Using saltwater for treating respiratory and throat infections are common. However, there are double reviews on using salt water gargles for coronavirus. Some people believe that gargling could kill the virus and help to recover but it has no scientific proof. A team of scientists from the University of Edinburgh is all set to study whether or not these two share a relation.
Salt gargles are a common home remedy for cough and cold. Although its efficacy on reducing throat infection has some medical value, suggesting the similar for coronavirus symptoms. The new deadly coronavirus that spreads through the airways. So there is a high chance that warm water’s gargles can reduce the severity of symptoms. However, there is limited information to predict if salt water gargles kill coronavirus or not.
Researchers from the University of Edinburgh are encouraging people to participate in a new study to determine the efficacy of salt water gargles. There is a possibility that the salt water can initiate the body’s natural immune system and kill the virus.
This study is a part of the efforts that the researchers are making in order to understand the virus. The treatment of the coronavirus still remains a grey area for medical partitionists as there is no medicine for it available. All they have is to advise paracetamol and ibuprofen to people with coronavirus symptoms.
For severe patients, doctors are using a variety of treatments while struggling to save their lives. Right now, NHS advises two medicines one is dexamethasone, a steroid and second is remdesivir, a medicine for Ebola for COVID-19 patients. However, none of them is able to provide 100% results.
The Edinburgh research team now wants to know if the popular salt water gargles kill coronavirus or not. Or if not kill, can it reduce the symptoms and spread of the viral particles inside the body or not.
This new idea of research is taken from many respiratory infections based on researches which include cough and cold and symptoms. A large number of people use these salt water gargles to ease cold and cough while suffering from these respiratory illnesses. The gargles also help to control the viral transmission to other people, around the infected person.
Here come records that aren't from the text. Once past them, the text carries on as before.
lemma bij_betw_supp_weight_vecs:
  "bij_betw supp (weight_vecs k w) {T. T \<subseteq> {..<k} \<and> card T = w}"
proof (rule bij_betw_byWitness[where f' = "indicator_list k"])
  show "\<forall>v\<in>weight_vecs k w. indicator_list k (supp v) = v"
  proof
    fix v assume v: "v \<in> weight_vecs k w"
    show "indicator_list k (supp v) = v"
    proof (rule nth_equalityI)
      show "length (indicator_list k (supp v)) = length v"
        using v by (simp add: indicator_list_def weight_vecs_def)
      fix i assume "i < length (indicator_list k (supp v))"
      then have i: "i < length v" "v ! i \<in> {0, 1}"
        using v nth_mem by (fastforce simp: indicator_list_def weight_vecs_def)+
      then have "indicator_list k (supp v) ! i = (if v ! i \<noteq> 0 then 1 else 0)"
        using v by (simp add: indicator_list_def supp_def weight_vecs_def)
      then show "indicator_list k (supp v) ! i = v ! i"
        using i(2) by auto
    qed
  qed
  have supp_indicator_list: "supp (indicator_list k T) = T" if "T \<subseteq> {..<k}" for T
    using that by (auto simp: indicator_list_def supp_def split: if_splits)
  then show "\<forall>T\<in>{T. T \<subseteq> {..<k} \<and> card T = w}. supp (indicator_list k T) = T"
    by blast
  show "supp ` weight_vecs k w \<subseteq> {T. T \<subseteq> {..<k} \<and> card T = w}"
    by (auto simp: weight_vecs_def supp_def)
  show "indicator_list k ` {T. T \<subseteq> {..<k} \<and> card T = w} \<subseteq> weight_vecs k w"
    using supp_indicator_list by (auto simp: weight_vecs_def indicator_list_def)
qed

lemma finite_weight_vecs: "finite (weight_vecs k w)"
proof -
  have "finite {T. T \<subseteq> {..<k} \<and> card T = w}"
    by (rule finite_subset[of _ "Pow {..<k}"]) auto
  then show ?thesis
    using bij_betw_finite[OF bij_betw_supp_weight_vecs] by blast
qed

lemma card_weight_vecs_supp:
  "card {v \<in> weight_vecs k w. P (supp v)} = card {T. T \<subseteq> {..<k} \<and> card T = w \<and> P T}"
proof (rule bij_betw_same_card, rule bij_betw_subset[OF bij_betw_supp_weight_vecs[of k w]])
  have surj: "supp ` weight_vecs k w = {T. T \<subseteq> {..<k} \<and> card T = w}"
    using bij_betw_supp_weight_vecs by (rule bij_betw_imp_surj_on)
  show "supp ` {v \<in> weight_vecs k w. P (supp v)} = {T. T \<subseteq> {..<k} \<and> card T = w \<and> P T}"
  proof
    show "supp ` {v \<in> weight_vecs k w. P (supp v)} \<subseteq> {T. T \<subseteq> {..<k} \<and> card T = w \<and> P T}"
      using surj by auto
    show "{T. T \<subseteq> {..<k} \<and> card T = w \<and> P T} \<subseteq> supp ` {v \<in> weight_vecs k w. P (supp v)}"
    proof
      fix T assume T: "T \<in> {T. T \<subseteq> {..<k} \<and> card T = w \<and> P T}"
      then obtain v where "v \<in> weight_vecs k w" "T = supp v"
        using surj by (metis (mono_tags, lifting) imageE mem_Collect_eq)
      then show "T \<in> supp ` {v \<in> weight_vecs k w. P (supp v)}"
        using T by auto
    qed
  qed
qed simp

lemma binomial_eq_L_const_mult:
  assumes "w \<le> w'" "w' \<le> k"
  shows "real (w' choose w) = L_const k w w' * real ((k - w) choose (w' - w))"
proof -
  define d where "d = w' - w"
  have num: "real (w' choose d) = (\<Prod>i<d. real w' - real i) / fact d"
    by (simp add: binomial_gbinomial gbinomial_prod_rev atLeast0LessThan)
  have den: "real ((k - w) choose d) = (\<Prod>i<d. real k - real w - real i) / fact d"
    using assms by (simp add: binomial_gbinomial gbinomial_prod_rev atLeast0LessThan of_nat_diff)
  have "L_const k w w' = (\<Prod>i<d. real w' - real i) / (\<Prod>i<d. real k - real w - real i)"
    unfolding L_const_def d_def by (simp add: prod_dividef)
  also have "\<dots> = real (w' choose d) / real ((k - w) choose d)"
    unfolding num den by simp
  finally have "L_const k w w' = real (w' choose d) / real ((k - w) choose d)" .
  moreover have "real ((k - w) choose d) \<noteq> 0"
    using assms unfolding d_def by simp
  moreover have "w' choose d = w' choose w"
    using assms binomial_symmetric[of d w'] unfolding d_def by simp
  ultimately show ?thesis
    unfolding d_def by simp
qed

lemma binomial_le_ceiling_L_const_mult:
  assumes "w \<le> w'" "w' \<le> k"
  shows "w' choose w \<le> ((k - w) choose (w' - w)) * nat \<lceil>L_const k w w'\<rceil>"
proof -
  have "real (w' choose w) \<le> real ((k - w) choose (w' - w)) * real (nat \<lceil>L_const k w w'\<rceil>)"
    unfolding binomial_eq_L_const_mult[OF assms] mult.commute[of "L_const k w w'"]
    by (intro mult_left_mono real_nat_ceiling_ge) simp
  then show ?thesis
    by (simp only: of_nat_mult[symmetric] of_nat_le_iff)
qed

lemma tG_edges_Image:
  assumes "v \<in> weight_vecs k w"
  shows "tG_edges k w w' `` {v}
    = {v' \<in> weight_vecs k w'. supp v \<subseteq> supp v'} \<times> {1 .. nat \<lceil>L_const k w w'\<rceil>}"
  using assms by (auto simp: tG_edges_def tG_right_def)

lemma card_tG_edges_Image:
  assumes "v \<in> weight_vecs k w" "w \<le> w'" "w' \<le> k"
  shows "card (tG_edges k w w' `` {v}) = ((k - w) choose (w' - w)) * nat \<lceil>L_const k w w'\<rceil>"
proof -
  have v: "supp v \<subseteq> {..<k}" "card (supp v) = w"
    using bij_betwE[OF bij_betw_supp_weight_vecs] assms(1) by blast+
  have "card {v' \<in> weight_vecs k w'. supp v \<subseteq> supp v'}
      = card {T. T \<subseteq> {..<k} \<and> card T = w' \<and> supp v \<subseteq> T}"
    by (rule card_weight_vecs_supp)
  also have "\<dots> = (k - w) choose (w' - w)"
    using card_supersets_of_card[of "{..<k}" "supp v" w'] v assms(2) by simp
  finally show ?thesis
    unfolding tG_edges_Image[OF assms(1)] by (simp add: card_cartesian_product)
qed

lemma card_tG_left_neighbours_le:
  "card {v \<in> weight_vecs k w. (v, r) \<in> tG_edges k w w'} \<le> w' choose w"
proof (cases "fst r \<in> weight_vecs k w'")
  case True
  then have r: "supp (fst r) \<subseteq> {..<k}" "card (supp (fst r)) = w'"
    using bij_betwE[OF bij_betw_supp_weight_vecs] by blast+
  have "card {v \<in> weight_vecs k w. (v, r) \<in> tG_edges k w w'}
      \<le> card {v \<in> weight_vecs k w. supp v \<subseteq> supp (fst r)}"
    by (intro card_mono) (auto simp: finite_weight_vecs tG_edges_def)
  also have "\<dots> = card {T. T \<subseteq> {..<k} \<and> card T = w \<and> T \<subseteq> supp (fst r)}"
    by (rule card_weight_vecs_supp)
  also have "{T. T \<subseteq> {..<k} \<and> card T = w \<and> T \<subseteq> supp (fst r)}
      = {T. T \<subseteq> supp (fst r) \<and> card T = w}"
    using r(1) by blast
  also have "card \<dots> = w' choose w"
    using r by (simp add: n_subsets finite_subset)
  finally show ?thesis .
next
  case False
  then have "{v \<in> weight_vecs k w. (v, r) \<in> tG_edges k w w'} = {}"
    by (auto simp: tG_edges_def tG_right_def)
  then show ?thesis
    by (metis card.empty le0)
qed

theorem lemma10:
  fixes k w w' :: nat
  assumes "k \<ge> 1" and "w < w'" and "w' \<le> k"
  shows "\<exists>M. perfect_matching_wrt (tG_edges k w w') (weight_vecs k w) M"
proof (rule ex_perfect_matching_wrt_if_degree_bounds[where b = "w' choose w"])
  show "\<forall>v\<in>weight_vecs k w. w' choose w \<le> card (tG_edges k w w' `` {v})"
    using assms binomial_le_ceiling_L_const_mult card_tG_edges_Image by simp
  show "\<forall>r. card {v \<in> weight_vecs k w. (v, r) \<in> tG_edges k w w'} \<le> w' choose w"
    using card_tG_left_neighbours_le by simp
qed (use assms in \<open>simp_all add: finite_weight_vecs tG_edges_Image\<close>)

end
The original research idea of this Edinburgh researchers was studying another strain of the coronavirus. As salt can induce and improve the body’s immune response, there is a high chance that it could do the same against this novel coronavirus.
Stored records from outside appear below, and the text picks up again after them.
lemma mexp_zero: "mexp (0 :: 'n::finite cmat) = mat 1"
proof -
  have "(\<lambda>k. (1 / fact k) *\<^sub>R mpow (0 :: 'n cmat) k) = (\<lambda>k. if k = 0 then mat 1 else 0)"
    by (rule ext, case_tac k) simp_all
  then have "(\<lambda>k. (1 / fact k) *\<^sub>R mpow (0 :: 'n cmat) k) sums mat 1"
    using sums_single[of 0 "\<lambda>_. mat 1 :: 'n cmat"] by simp
  then show ?thesis
    unfolding mexp_def by (rule sums_unique[symmetric])
qed

lemma norm_mpow_le:
  fixes X :: "'n::finite cmat"
  obtains C where "C \<ge> 0" and "\<And>k. norm (mpow X k) \<le> norm (mat 1 :: 'n cmat) * C ^ k"
proof -
  obtain K where K: "K > 0"
    "\<And>A B. norm ((A :: 'n cmat) ** (B :: 'n cmat)) \<le> norm A * norm B * K"
    using matrix_mult.pos_bounded by blast
  have "norm (mpow X k) \<le> norm (mat 1 :: 'n cmat) * (K * norm X) ^ k" for k
  proof (induction k)
    case (Suc k)
    have "norm (mpow X (Suc k)) \<le> norm X * norm (mpow X k) * K"
      using K(2)[of X "mpow X k"] by simp
    also have "\<dots> \<le> norm X * (norm (mat 1 :: 'n cmat) * (K * norm X) ^ k) * K"
      using Suc K(1) by (intro mult_right_mono mult_left_mono) auto
    finally show ?case by (simp add: mult_ac)
  qed simp
  with K(1) show ?thesis by (intro that[of "K * norm X"]) auto
qed

lemma mexp_scaleR_remainder_le:
  fixes X :: "'n::finite cmat"
  obtains \<delta> B where "\<delta> > 0"
    and "\<And>t. \<bar>t\<bar> < \<delta> \<Longrightarrow> norm (mexp (t *\<^sub>R X) - mat 1 - t *\<^sub>R X) \<le> B * t\<^sup>2"
proof -
  obtain C where C: "C \<ge> 0" "\<And>k. norm (mpow X k) \<le> norm (mat 1 :: 'n cmat) * C ^ k"
    using norm_mpow_le by blast
  define M where "M = norm (mat 1 :: 'n cmat)"
  define a where "a t k = (t ^ k / fact k) *\<^sub>R mpow X k" for t :: real and k
  have norm_a: "norm (a t k) \<le> M * (inverse (fact k) * (\<bar>t\<bar> * C) ^ k)" for t k
  proof -
    have "norm (a t k) = \<bar>t\<bar> ^ k / fact k * norm (mpow X k)"
      by (simp add: a_def power_abs)
    also have "\<dots> \<le> \<bar>t\<bar> ^ k / fact k * (M * C ^ k)"
      using C(2)[of k] unfolding M_def by (rule mult_left_mono) simp
    finally show ?thesis by (simp add: power_mult_distrib divide_inverse mult_ac)
  qed
  have summable_norm_a: "summable (\<lambda>k. norm (a t k))" for t
    by (rule summable_comparison_test[OF _ summable_mult[OF summable_exp]]) (use norm_a in auto)
  have remainder: "mexp (t *\<^sub>R X) - mat 1 - t *\<^sub>R X = (\<Sum>k. a t (k + 2))" for t
  proof -
    have "mexp (t *\<^sub>R X) = suminf (a t)"
      unfolding mexp_def a_def mpow_scaleR by simp
    also have "\<dots> = (\<Sum>k. a t (k + 2)) + (\<Sum>k<2. a t k)"
      by (rule suminf_split_initial_segment[OF summable_norm_cancel[OF summable_norm_a]])
    finally show ?thesis by (simp add: a_def numeral_2_eq_2)
  qed
  have "norm (mexp (t *\<^sub>R X) - mat 1 - t *\<^sub>R X) \<le> M * C\<^sup>2 * t\<^sup>2"
    if "\<bar>t\<bar> * C \<le> 1" for t
  proof -
    define e where "e k = inverse (fact k) * (\<bar>t\<bar> * C) ^ k" for k
    have summable_shift: "summable (\<lambda>k. norm (a t (k + 2)))"
      using summable_iff_shift[of "\<lambda>k. norm (a t k)" 2] summable_norm_a[of t] by simp
    have "summable e"
      unfolding e_def[abs_def] by (rule summable_exp)
    then have summable_e_shift: "summable (\<lambda>k. e (k + 2))"
      using summable_iff_shift[of e 2] by blast
    have "norm (\<Sum>k. a t (k + 2)) \<le> (\<Sum>k. norm (a t (k + 2)))"
      by (rule summable_norm[OF summable_shift])
    also have "\<dots> \<le> (\<Sum>k. M * e (k + 2))"
      by (rule suminf_le[OF _ summable_shift summable_mult[OF summable_e_shift]])
        (unfold e_def, rule norm_a)
    also have "\<dots> = M * (exp (\<bar>t\<bar> * C) - 1 - \<bar>t\<bar> * C)"
      using exp_first_two_terms[of "\<bar>t\<bar> * C"] suminf_mult[OF summable_e_shift, of M]
      by (simp add: e_def)
    also have "\<dots> \<le> M * (\<bar>t\<bar> * C)\<^sup>2"
      using exp_bound[of "\<bar>t\<bar> * C"] that C(1) by (simp add: M_def mult_left_mono)
    finally show ?thesis by (simp add: remainder power_mult_distrib mult_ac)
  qed
  moreover have "\<bar>t\<bar> * C \<le> 1" if "\<bar>t\<bar> < 1 / (C + 1)" for t
  proof -
    have "\<bar>t\<bar> * C \<le> \<bar>t\<bar> * (C + 1)" by (simp add: mult_left_mono)
    also have "\<dots> < 1" using that C(1) by (simp add: field_simps)
    finally show ?thesis by simp
  qed
  ultimately show ?thesis
    using C(1) by (intro that[of "1 / (C + 1)" "M * C\<^sup>2"]) auto
qed

lemma has_derivative_at_0_of_quadratic_remainder:
  fixes f :: "real \<Rightarrow> 'a::real_normed_vector"
  assumes "\<delta> > 0" and "\<And>t. \<bar>t\<bar> < \<delta> \<Longrightarrow> norm (f t - f 0 - t *\<^sub>R v) \<le> B * t\<^sup>2"
  shows "(f has_derivative (\<lambda>t. t *\<^sub>R v)) (at 0)"
  unfolding has_derivative_at
proof (intro conjI bounded_linear_scaleR_left)
  have "\<forall>\<^sub>F h in at (0::real). \<bar>h\<bar> < \<delta>"
    using eventually_at_ball[OF assms(1), of 0 UNIV]
    by (auto simp: dist_real_def elim!: eventually_mono)
  then have "\<forall>\<^sub>F h in at 0. norm (norm (f (0 + h) - f 0 - h *\<^sub>R v) / norm h) \<le> B * \<bar>h\<bar>"
  proof (rule eventually_mono)
    fix h :: real assume "\<bar>h\<bar> < \<delta>"
    then have "norm (f h - f 0 - h *\<^sub>R v) \<le> B * \<bar>h\<bar> * \<bar>h\<bar>"
      using assms(2) by (simp add: power2_eq_square abs_mult_self_eq mult.assoc)
    then show "norm (norm (f (0 + h) - f 0 - h *\<^sub>R v) / norm h) \<le> B * \<bar>h\<bar>"
      by (cases "h = 0") (simp_all add: divide_le_eq)
  qed
  moreover have "((\<lambda>h. B * \<bar>h\<bar>) \<longlongrightarrow> 0) (at (0::real))"
    by (intro tendsto_eq_intros) (auto intro: tendsto_ident_at)
  ultimately show "(\<lambda>h. norm (f (0 + h) - f 0 - h *\<^sub>R v) / norm h) \<midarrow>0\<rightarrow> 0"
    by (rule Lim_null_comparison)
qed

lemma has_derivative_mexp_scaleR: "((\<lambda>t. mexp (t *\<^sub>R X)) has_derivative (\<lambda>t. t *\<^sub>R X)) (at 0)"
proof (rule mexp_scaleR_remainder_le[of X])
  fix \<delta> B assume "\<delta> > 0"
    and "\<And>t. \<bar>t\<bar> < \<delta> \<Longrightarrow> norm (mexp (t *\<^sub>R X) - mat 1 - t *\<^sub>R X) \<le> B * t\<^sup>2"
  then show ?thesis
    by (intro has_derivative_at_0_of_quadratic_remainder[of \<delta>]) (simp_all add: mexp_zero)
qed

section \<open>Gradients as Fr\'echet derivatives\<close>

lemma deriv_comp_at_0:
  fixes F :: "'a::real_normed_vector \<Rightarrow> real"
  assumes "(c has_derivative (\<lambda>t. t *\<^sub>R v)) (at 0)" and "c 0 = x" and "F differentiable at x"
  shows "deriv (\<lambda>t. F (c t)) 0 = frechet_derivative F (at x) v"
proof -
  have dF: "(F has_derivative frechet_derivative F (at x)) (at (c 0))"
    using assms(2,3) frechet_derivative_works by auto
  have "((\<lambda>t. F (c t)) has_derivative (\<lambda>t. frechet_derivative F (at x) (t *\<^sub>R v))) (at 0)"
    using diff_chain_at[OF assms(1) dF] by (simp add: o_def)
  moreover have
    "(\<lambda>t. frechet_derivative F (at x) (t *\<^sub>R v)) = (*) (frechet_derivative F (at x) v)"
    using linear_scale[OF has_derivative_linear[OF dF]] by (simp add: fun_eq_iff mult.commute)
  ultimately show ?thesis
    by (intro DERIV_imp_deriv) (simp add: has_field_derivative_def)
qed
Salt is toxic for most of the respiratory viruses. It also naturally stimulates the immune system while the body already suffers from the virus. It created a new chemical called namely hypochlorous acid that has anti-viral properties. This is the same chemical that is inside bleaches for giving them an antibacterial and antiviral effect.
Aziz Sheikh from the Usher Institute Edinburgh University says that his team is all set to start the trial within a few days in confirmed coronavirus patients. He is hopeful that this simple remedy would be helpful to reduce the severity of the COVID-19 symptoms.
Salt water requires only salt, warm water, and a stirrer. If this simplest remedy could help in coronavirus disease progression, it may be the cheapest coronavirus treatment. Before the trials, it is hard to say if salt water gargles kill coronavirus or they are only effective in common cold.
Note- The study is open for the people from Scotland diagnosed with coronavirus.